Unsure how to start? Started already, but worried you’re not doing it right? Here are some tips for making the most of your mood tracking practice:

  • Set a schedule and stick to it. Morning, noon, and night. A daily check-in in the evening or a review of the day before in the morning. Track at regular intervals to help identify patterns. It’s OK if your tracking schedule isn’t perfect—doing something is better than doing nothing—but the more regularly you can track, the better.
  • Track the same non-mood details every time. If you track it once, track it again—how long you sleep, when you eat, when you exercise. Consistency can reveal how your moods change in relation to the activities of daily living.
  • Don’t leave out the happy moments. Anger, sadness, anxiety—uncomfortable feelings we might want to learn how to manage more healthfully, but not the only moods worth tracking. Happiness, excitement, anticipation, and other positive states of mind are just as important to track. There are patterns and triggers (good ones!) to be found there, too!
  • Be honest with yourself—and your tracker. Your mood tracking is just for you. For it to be the most effective tool it can be for monitoring your mental and emotional wellbeing, you must do your best to track truthfully. Leaving something out or making something up will only keep you from fully understanding your moods and how to manage them.
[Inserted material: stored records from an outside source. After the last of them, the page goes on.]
lemma rounded_mean_admissible:
  assumes \<xi>: "\<xi> \<in> admissible M N k" and \<eta>: "\<eta> \<in> admissible M N l"
  shows "rounded_mean c \<xi> \<eta> \<in> admissible M N ((k + l + c) div 2)"
proof -
  have "rounded_mean c \<xi> \<eta> t \<in> nat_filt M N t \<rightarrow>\<^sub>M count_space UNIV" if "0 \<le> t" for t
    using \<xi> \<eta> that unfolding rounded_mean_def admissible_def
    by (intro measurable_compose_nat_pair[where \<phi>="\<lambda>a b. (a + b + c) div 2"]) auto
  moreover have "rounded_mean c \<xi> \<eta> t \<omega> \<le> rounded_mean c \<xi> \<eta> s \<omega>"
    if "\<omega> \<in> space M" "0 \<le> s" "s \<le> t" for \<omega> s t
  proof -
    have "\<xi> t \<omega> \<le> \<xi> s \<omega>" "\<eta> t \<omega> \<le> \<eta> s \<omega>"
      using \<xi> \<eta> that by (simp_all add: admissible_def)
    then show ?thesis
      unfolding rounded_mean_def by (intro div_le_mono) simp
  qed
  moreover have "rounded_mean c \<xi> \<eta> s \<omega> = rounded_mean c \<xi> \<eta> t \<omega>"
    if "\<omega> \<in> space M" "0 \<le> s" "s \<le> t" "N s \<omega> = N t \<omega>" for \<omega> s t
  proof -
    have "\<xi> s \<omega> = \<xi> t \<omega>" "\<eta> s \<omega> = \<eta> t \<omega>"
      using \<xi> \<eta> that by (simp_all add: admissible_def)
    then show ?thesis
      unfolding rounded_mean_def by simp
  qed
  moreover have "rounded_mean c \<xi> \<eta> 0 \<omega> = (k + l + c) div 2" if "\<omega> \<in> space M" for \<omega>
    using \<xi> \<eta> that by (simp add: admissible_def rounded_mean_def)
  ultimately show ?thesis
    unfolding admissible_def by blast
qed

lemma (in counting_path) cost_rounded_means_le:
  assumes \<xi>: "\<xi> \<in> admissible M N k" and \<eta>: "\<eta> \<in> admissible M N l"
    and "\<omega> \<in> space M" and "0 \<le> T" and F: "convex_on {0..} F"
  shows "cost F N T (rounded_mean 1 \<xi> \<eta>) \<omega> + cost F N T (rounded_mean 0 \<xi> \<eta>) \<omega>
    \<le> cost F N T \<xi> \<omega> + cost F N T \<eta> \<omega>"
proof -
  note cost_eq = cost_eq_sum_jumps[OF _ \<open>\<omega> \<in> space M\<close> \<open>0 \<le> T\<close>]
  define X where "X i = \<xi> (arrival N i \<omega>) \<omega>" for i
  define Y where "Y i = \<eta> (arrival N i \<omega>) \<omega>" for i
  have XY: "X i \<le> X (i - 1)" "Y i \<le> Y (i - 1)" for i
    unfolding X_def Y_def
    using strategy_arrival_antimono[OF \<xi> \<open>\<omega> \<in> space M\<close>] strategy_arrival_antimono[OF \<eta> \<open>\<omega> \<in> space M\<close>]
    by auto
  have "cost F N T (rounded_mean 1 \<xi> \<eta>) \<omega> + cost F N T (rounded_mean 0 \<xi> \<eta>) \<omega>
     = (\<Sum>i\<in>{1..N T \<omega>}. F (real ((X (i - 1) + Y (i - 1) + 1) div 2 - (X i + Y i + 1) div 2))
          + F (real ((X (i - 1) + Y (i - 1)) div 2 - (X i + Y i) div 2)))
       + (F (real ((\<xi> T \<omega> + \<eta> T \<omega> + 1) div 2 - (0 + 0 + 1) div 2))
          + F (real ((\<xi> T \<omega> + \<eta> T \<omega>) div 2 - (0 + 0) div 2)))"
    unfolding cost_eq[OF rounded_mean_admissible[OF \<xi> \<eta>]] sum.distrib
    by (simp add: rounded_mean_def X_def Y_def)
  also have "\<dots> \<le> (\<Sum>i\<in>{1..N T \<omega>}. F (real (X (i - 1) - X i)) + F (real (Y (i - 1) - Y i)))
       + (F (real (\<xi> T \<omega> - 0)) + F (real (\<eta> T \<omega> - 0)))"
    by (intro add_mono sum_mono convex_on_rounded_halves_le[OF F] XY) simp_all
  also have "\<dots> = cost F N T \<xi> \<omega> + cost F N T \<eta> \<omega>"
    unfolding cost_eq[OF \<xi>] cost_eq[OF \<eta>] sum.distrib by (simp add: X_def Y_def)
  finally show ?thesis .
qed

section \<open>A measurable version of the cost\<close>

text \<open>On counting paths this is \<open>\<xi>\<close> at the \<open>i\<close>-th arrival; going through rational times only
  makes it evidently measurable.\<close>
definition strategy_at_arrival ::
    "(real \<Rightarrow> 'a \<Rightarrow> nat) \<Rightarrow> (real \<Rightarrow> 'a \<Rightarrow> nat) \<Rightarrow> nat \<Rightarrow> nat \<Rightarrow> 'a \<Rightarrow> nat" where
  "strategy_at_arrival N \<xi> k i \<omega> = card {n\<in>{1..k}. \<exists>q\<in>\<rat>. 0 \<le> q \<and> i \<le> N q \<omega> \<and> n \<le> \<xi> q \<omega>}"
Turning Mood Tracking into Coping & Management

Tracking moods is just the beginning, not a means to an end (though it does feel good and can be helpful in its own right). After tracking, the next step is to look at what the tracking has uncovered: patterns, triggers, cycles, cause and effect, reactions to stress or trauma or the unknown. When we start sifting through tracked moods, the things that stand out can illuminate the path forward.

Additionally, the practice of putting moods on paper (or screen) will reinforce your understanding of your moods and strengthen how well you can communicate about them—a great benefit for engaging a therapist or a supportive friend when talking through what you’ve learned, and when pursuing new management tools.